• [Requirement]
What follows is a listing. Return every line of it exactly.

• [Given records]
(* Let $S$ be a random variable (the stimulus) taking values in a finite set $\mathcal{S}$ with $P(s)>0$ for all $s\in\mathcal{S}$, and let $\mathbf{R}=(R_1,\ldots,R_N)$ be a random vector (the neural response) taking values in a finite product set, with joint distribution $P(s,\mathbf{r})$. Let $\mathbf{R}^{NI}$ denote the surrogate response whose conditional distribution given $S=s$ is $P^{NI}(\mathbf{r}|s)=\prod_{n=1}^N P(r_n|s)$ (with $S$ keeping its marginal distribution). Then: (i) there exist such $S$ and $\mathbf{R}$ for which there is no stimulus-independent stochastic code mapping $\mathbf{R}$ into $\mathbf{R}^{NI}$, i.e. no transition probabilities $Q(\mathbf{r}'|\mathbf{r})\ge 0$ with $\sum_{\mathbf{r}'}Q(\mathbf{r}'|\mathbf{r})=1$ for all $\mathbf{r}$ such that $P^{NI}(\mathbf{r}'|s)=\sum_{\mathbf{r}}P(\mathbf{r}|s)\,Q(\mathbf{r}'|\mathbf{r})$ for all $s$ and $\mathbf{r}'$; (ii) if $\mathbf{R}$ is noise correlated, i.e. $P(\mathbf{r}|s)\neq P^{NI}(\mathbf{r}|s)$ for some $s$ and $\mathbf{r}$, then there is no deterministic stimulus-independent function $f$ (reduced code) such that $P(f(\mathbf{R})=\mathbf{r}'\,|\,S=s)=P^{NI}(\mathbf{r}'|s)$ for all $s$ and $\mathbf{r}'$.
   Context: A stochastic code is a code obtained from another code through stimulus-independent transition probabilities $Q(\mathbf{r}'|\mathbf{r})$ as described; a reduced code is the special case of a deterministic stimulus-independent function. The responses $R_n$ are noise independent if $P(\mathbf{r}|s)=P^{NI}(\mathbf{r}|s)$ for all $\mathbf{r},s$, and noise correlated otherwise. *)

theory Defs
  imports Complex_Main
begin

• [Written answer]
(* Let $S$ be a random variable (the stimulus) taking values in a finite set $\mathcal{S}$ with $P(s)>0$ for all $s\in\mathcal{S}$, and let $\mathbf{R}=(R_1,\ldots,R_N)$ be a random vector (the neural response) taking values in a finite product set, with joint distribution $P(s,\mathbf{r})$. Let $\mathbf{R}^{NI}$ denote the surrogate response whose conditional distribution given $S=s$ is $P^{NI}(\mathbf{r}|s)=\prod_{n=1}^N P(r_n|s)$ (with $S$ keeping its marginal distribution). Then: (i) there exist such $S$ and $\mathbf{R}$ for which there is no stimulus-independent stochastic code mapping $\mathbf{R}$ into $\mathbf{R}^{NI}$, i.e. no transition probabilities $Q(\mathbf{r}'|\mathbf{r})\ge 0$ with $\sum_{\mathbf{r}'}Q(\mathbf{r}'|\mathbf{r})=1$ for all $\mathbf{r}$ such that $P^{NI}(\mathbf{r}'|s)=\sum_{\mathbf{r}}P(\mathbf{r}|s)\,Q(\mathbf{r}'|\mathbf{r})$ for all $s$ and $\mathbf{r}'$; (ii) if $\mathbf{R}$ is noise correlated, i.e. $P(\mathbf{r}|s)\neq P^{NI}(\mathbf{r}|s)$ for some $s$ and $\mathbf{r}$, then there is no deterministic stimulus-independent function $f$ (reduced code) such that $P(f(\mathbf{R})=\mathbf{r}'\,|\,S=s)=P^{NI}(\mathbf{r}'|s)$ for all $s$ and $\mathbf{r}'$.
   Context: A stochastic code is a code obtained from another code through stimulus-independent transition probabilities $Q(\mathbf{r}'|\mathbf{r})$ as described; a reduced code is the special case of a deterministic stimulus-independent function. The responses $R_n$ are noise independent if $P(\mathbf{r}|s)=P^{NI}(\mathbf{r}|s)$ for all $\mathbf{r},s$, and noise correlated otherwise. *)

theory Defs
  imports Complex_Main
begin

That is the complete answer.